(Collected data)
((
(* Let $\mathcal{F}=\{(X,\rho_1);f_1,\dots,f_N\}$ and $\mathcal{G}=\{(Y,\rho_2);g_1,\dots,g_N\}$ be IFSs on complete metric spaces with $\rho_1(f_i(x),f_i(x'))=c_i\rho_1(x,x')$ and $\rho_2(g_i(y),g_i(y'))\le r_i\rho_2(y,y')$ for all $x,x'\in X$, $y,y'\in Y$, where $c_i,r_i\in(0,1)$. If $r_i\le c_i$ for all $i$ and $\mathcal{F}$ satisfies the strong open set condition, then $\dim_H G(T_{\mathcal{FG}})=s_0$, where $\sum_{i=1}^Nc_i^{s_0}=1$.
   Context: $X\times Y$ carries the metric $\mathcal{D}((x,y),(x',y'))=\max\{\rho_1(x,x'),\rho_2(y,y')\}$. Attractor $A_\mathcal{F}$: unique nonempty compact $A$ with $A=\bigcup f_i(A)$. Code space $\Omega=\{1,\dots,N\}^{\mathbb{N}}$ ordered lexicographically; address map $\phi_\mathcal{F}(\sigma)=\lim_kf_{\sigma_1}\circ\cdots\circ f_{\sigma_k}(x)$; tops function $\tau_\mathcal{F}(x)=\max\{\sigma:\phi_\mathcal{F}(\sigma)=x\}$; fractal transformation $T_{\mathcal{FG}}=\phi_\mathcal{G}\circ\tau_\mathcal{F}:A_\mathcal{F}\to A_\mathcal{G}$; $G(T_{\mathcal{FG}})=\{(x,T_{\mathcal{FG}}(x)):x\in A_\mathcal{F}\}$. SOSC: a nonempty open $U$ with $f_i(U)\subset U$, $f_i(U)\cap f_j(U)=\emptyset$ for $i\ne j$, $U\cap A_\mathcal{F}\ne\emptyset$. *)

theory Defs
  imports "HOL-Analysis.Analysis"
begin

definition attractor :: "nat \<Rightarrow> (nat \<Rightarrow> 'a::metric_space \<Rightarrow> 'a) \<Rightarrow> 'a set" where
  "attractor N f = (THE A. compact A \<and> A \<noteq> {} \<and> A = (\<Union>i\<in>{1..N}. f i ` A))"

definition code_space :: "nat \<Rightarrow> (nat \<Rightarrow> nat) set" where
  "code_space N = {\<sigma>. \<forall>k. \<sigma> k \<in> {1..N}}"
lemma DH_inv: "DH (inv al c) = lift2 SH SH (\<lambda>x y. tHH (inv al x) (inv al y)) (DH c)"
proof -
  have "DH c = lift2 SH SH (\<lambda>x y. tHH (al x) (al y)) (DH (inv al c))"
    using DH_al[of "inv al c"] inv_simps by simp
  then have "lift2 SH SH (\<lambda>x y. tHH (inv al x) (inv al y)) (DH c) = lift2 SH SH (\<lambda>x y. tHH (inv al (al x)) (inv al (al y))) (DH (inv al c))"
    using mapHH_comp[OF lin_inv_al lin_inv_al lin_al lin_al memDH] by simp
  also have "\<dots> = DH (inv al c)" unfolding inv_simps by (rule lift2_id[OF vsH vsH memDH])
  finally show ?thesis by simp
qed

lemma DH_alz: "DH (alz n c) = lift2 SH SH (\<lambda>x y. tHH (alz n x) (alz n y)) (DH c)"
proof -
  have "lin SH SH (alz n) \<and> (\<forall>c. DH (alz n c) = lift2 SH SH (\<lambda>x y. tHH (alz n x) (alz n y)) (DH c))"
  proof (rule zpow_induct[OF bij_al, where P="\<lambda>g. lin SH SH g \<and> (\<forall>c. DH (g c) = lift2 SH SH (\<lambda>x y. tHH (g x) (g y)) (DH c))"])
    show "lin SH SH (\<lambda>x. x) \<and> (\<forall>c. DH c = lift2 SH SH (\<lambda>x y. tHH x y) (DH c))"
      using lift2_id[OF vsH vsH memDH] lin_id by simp
  next
    fix g assume a: "lin SH SH g \<and> (\<forall>c. DH (g c) = lift2 SH SH (\<lambda>x y. tHH (g x) (g y)) (DH c))"
    have l: "lin SH SH (\<lambda>x. al (g x))" using a lin_comp lin_al by blast
    show "lin SH SH (\<lambda>x. al (g x)) \<and> (\<forall>c. DH (al (g c)) = lift2 SH SH (\<lambda>x y. tHH (al (g x)) (al (g y))) (DH c))"
      using l a DH_al mapHH_comp[OF lin_al lin_al _ _ memDH] by simp
  next
    fix g assume a: "lin SH SH g \<and> (\<forall>c. DH (g c) = lift2 SH SH (\<lambda>x y. tHH (g x) (g y)) (DH c))"
    have l: "lin SH SH (\<lambda>x. inv al (g x))" using a lin_comp lin_inv_al by blast
    show "lin SH SH (\<lambda>x. inv al (g x)) \<and> (\<forall>c. DH (inv al (g c)) = lift2 SH SH (\<lambda>x y. tHH (inv al (g x)) (inv al (g y))) (DH c))"
      using l a DH_inv mapHH_comp[OF lin_inv_al lin_inv_al _ _ memDH] by simp
  qed
  then show ?thesis by blast
qed

lemma lift2_DH_alz: assumes "separating U" "bilin SH SH U F"
  shows "lift2 SH SH F (DH (alz n c)) = lift2 SH SH (\<lambda>x y. F (alz n x) (alz n y)) (DH c)"
  unfolding DH_alz
  by (rule lift2_lift2_tens[OF vsH vsH vsH assms(1) assms(2) _ _ memDH]) (intro lin_intros ballI conjI)+


lemma lift2_DH_alz2:
  assumes F1: "\<forall>x1\<in>fst SH. \<forall>x2\<in>fst SH. bilin SH SH AH (F x1 x2)"
    and F2: "\<forall>y1\<in>fst SH. \<forall>y2\<in>fst SH. bilin SH SH AH (\<lambda>x1 x2. F x1 x2 y1 y2)"
  shows "lift2 SH SH (\<lambda>x1 x2. lift2 SH SH (\<lambda>y1 y2. F x1 x2 y1 y2) (DH (alz n b))) (DH (alz n a))
       = lift2 SH SH (\<lambda>x1 x2. lift2 SH SH (\<lambda>y1 y2. F (alz n x1) (alz n x2) (alz n y1) (alz n y2)) (DH b)) (DH a)"
proof -
  have B: "bilin SH SH AH (\<lambda>x1 x2. lift2 SH SH (\<lambda>y1 y2. F x1 x2 y1 y2) (DH (alz n b)))"
    by (rule bilin_lift2_param[OF vsH vsH sepAH memDH F1]) (use F2 in simp)
  have "lift2 SH SH (\<lambda>x1 x2. lift2 SH SH (\<lambda>y1 y2. F x1 x2 y1 y2) (DH (alz n b))) (DH (alz n a))
      = lift2 SH SH (\<lambda>x1 x2. lift2 SH SH (\<lambda>y1 y2. F (alz n x1) (alz n x2) y1 y2) (DH (alz n b))) (DH a)"
    by (rule lift2_DH_alz[OF sepAH B])
  also have "\<dots> = lift2 SH SH (\<lambda>x1 x2. lift2 SH SH (\<lambda>y1 y2. F (alz n x1) (alz n x2) (alz n y1) (alz n y2)) (DH b)) (DH a)"
    by (rule lift2_cong[OF memDH], rule lift2_DH_alz[OF sepAH]) (use F1 in simp)
  finally show ?thesis .
qed
(* Fix $N\ge 1$, a statistic $c$ and a real $\theta>0$, and consider the weighted game of best choice. Let $A$ be the set of positive prefixes that are minimal with respect to prefix containment, i.e. positive prefixes $p$ such that no prefix $p'\neq p$ contained in $p$ is positive. Then every $\pi\in\mathfrak S_N$ is $p$-prefixed for exactly one $p\in A$, and the strategy "accept candidate $i$ as soon as the current prefix flattening $\pi^{(i)}$ belongs to $A$" maximizes the probability of winning among all strategies. The maximal winning probability equals $\bar S(1)$, where $1\in\mathfrak S_1$, and also equals $$\frac{\sum_{p\in A} D(p)\,S(p)}{\sum_{\sigma\in\mathfrak S_N}\theta^{c(\sigma)}}.$$
   Context: Permutations of $\{1,\dots,m\}$ are written in one-line notation $\pi=\pi_1\pi_2\cdots\pi_m$; $\mathfrak S_m$ is the set of all of them. An entry $\pi_j$ is a left-to-right maximum of $\pi$ if $\pi_j>\pi_i$ for all $i<j$. A statistic is a function $c:\bigcup_{m=1}^N\mathfrak S_m\to\mathbb Z_{\ge0}$. Fix $N\ge1$, a statistic $c$ and a real $\theta>0$. The weighted game of best choice is played as follows. A permutation $\pi\in\mathfrak S_N$ is chosen with probability $\theta^{c(\pi)}/\sum_{\sigma\in\mathfrak S_N}\theta^{c(\sigma)}$. For $i=1,\dots,N$, the player is shown the $i$-th prefix flattening $\pi^{(i)}$, which is the unique element of $\mathfrak S_i$ with the same relative order as $\pi_1,\dots,\pi_i$. Using only this information (note that $\pi^{(i)}$ determines $\pi^{(1)},\dots,\pi^{(i-1)}$), the player decides whether to accept candidate $i$, which ends the game, or to reject it. If candidates $1,\dots,N-1$ are all rejected, candidate $N$ is accepted. The player wins iff the accepted candidate $i$ has $\pi_i=N$. A strategy is any such decision rule. A prefix is an element of $\bigcup_{m=1}^N\mathfrak S_m$. For $p\in\mathfrak S_m$ and $\pi\in\mathfrak S_N$: - $\pi$ is $p$-prefixed if $\pi^{(m)}=p$; - $\pi$ is $p$-winnable if $\pi$ is $p$-prefixed and $\pi_m=N$. A prefix $r\in\mathfrak S_n$ contains a prefix $p\in\mathfrak S_m$ ($m\le n$) if the $m$-th prefix flattening of $r$ equals $p$. Define: - $D(p)=\sum_{p\text{-prefixed }\pi}\theta^{c(\pi)}$; - the strike probability $S(p)=\big(\sum_{p\text{-winnable }\pi}\theta^{c(\pi)}\big)/D(p)$; - the open probability $S^{c}(p)$: it equals $0$ if $p\in\mathfrak S_N$, and for $p\in\mathfrak S_m$ with $m<N$ it equals $S^{c}(p)=\big(\sum_{q\in\mathfrak S_{m+1},\,q\text{ contains }p}D(q)\bar S(q)\big)/D(p)$; - the closed probability $\bar S(p)=\max(S(p),S^c(p))$. Equivalently, $S^c(p)$ (resp. $\bar S(p)$) is the largest conditional probability of winning, given that $\pi$ is $p$-prefixed, over strategies that reject candidates $1,\dots,m$ (resp. $1,\dots,m-1$). A prefix $p$ is positive if $S(p)\ge S^c(p)$, and negative otherwise. *)

theory Defs
  imports Complex_Main
begin

definition perms :: "nat \<Rightarrow> nat list set" where
  "perms m = {xs. distinct xs \<and> set xs = {1..m}}"

definition flat :: "nat list \<Rightarrow> nat list" where
  "flat xs = map (\<lambda>x. card {y \<in> set xs. y \<le> x}) xs"

definition pflat :: "nat \<Rightarrow> nat list \<Rightarrow> nat list" where
  "pflat i xs = flat (take i xs)"

definition prefixes :: "nat \<Rightarrow> nat list set" where
  "prefixes N = (\<Union>m\<in>{1..N}. perms m)"

definition contains :: "nat list \<Rightarrow> nat list \<Rightarrow> bool" where
  "contains r p \<longleftrightarrow> length p \<le> length r \<and> pflat (length p) r = p"

definition prefixed :: "nat \<Rightarrow> nat list \<Rightarrow> nat list \<Rightarrow> bool" where
  "prefixed N p \<pi> \<longleftrightarrow> \<pi> \<in> perms N \<and> pflat (length p) \<pi> = p"

definition winnable :: "nat \<Rightarrow> nat list \<Rightarrow> nat list \<Rightarrow> bool" where
  "winnable N p \<pi> \<longleftrightarrow> prefixed N p \<pi> \<and> \<pi> ! (length p - 1) = N"

definition Zsum :: "nat \<Rightarrow> (nat list \<Rightarrow> nat) \<Rightarrow> real \<Rightarrow> real" where
  "Zsum N c \<theta> = (\<Sum>\<sigma>\<in>perms N. \<theta> ^ c \<sigma>)"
))
Directions:
From the data above, output exactly the lines between the one containing "(\<forall>c. DH (al (g" and the one containing "SH. \<forall>y2\<in>fst SH.", counting both of them.

Answer box:
    show "lin SH SH (\<lambda>x. al (g x)) \<and> (\<forall>c. DH (al (g c)) = lift2 SH SH (\<lambda>x y. tHH (al (g x)) (al (g y))) (DH c))"
      using l a DH_al mapHH_comp[OF lin_al lin_al _ _ memDH] by simp
  next
    fix g assume a: "lin SH SH g \<and> (\<forall>c. DH (g c) = lift2 SH SH (\<lambda>x y. tHH (g x) (g y)) (DH c))"
    have l: "lin SH SH (\<lambda>x. inv al (g x))" using a lin_comp lin_inv_al by blast
    show "lin SH SH (\<lambda>x. inv al (g x)) \<and> (\<forall>c. DH (inv al (g c)) = lift2 SH SH (\<lambda>x y. tHH (inv al (g x)) (inv al (g y))) (DH c))"
      using l a DH_inv mapHH_comp[OF lin_inv_al lin_inv_al _ _ memDH] by simp
  qed
  then show ?thesis by blast
qed

lemma lift2_DH_alz: assumes "separating U" "bilin SH SH U F"
  shows "lift2 SH SH F (DH (alz n c)) = lift2 SH SH (\<lambda>x y. F (alz n x) (alz n y)) (DH c)"
  unfolding DH_alz
  by (rule lift2_lift2_tens[OF vsH vsH vsH assms(1) assms(2) _ _ memDH]) (intro lin_intros ballI conjI)+


lemma lift2_DH_alz2:
  assumes F1: "\<forall>x1\<in>fst SH. \<forall>x2\<in>fst SH. bilin SH SH AH (F x1 x2)"
    and F2: "\<forall>y1\<in>fst SH. \<forall>y2\<in>fst SH. bilin SH SH AH (\<lambda>x1 x2. F x1 x2 y1 y2)"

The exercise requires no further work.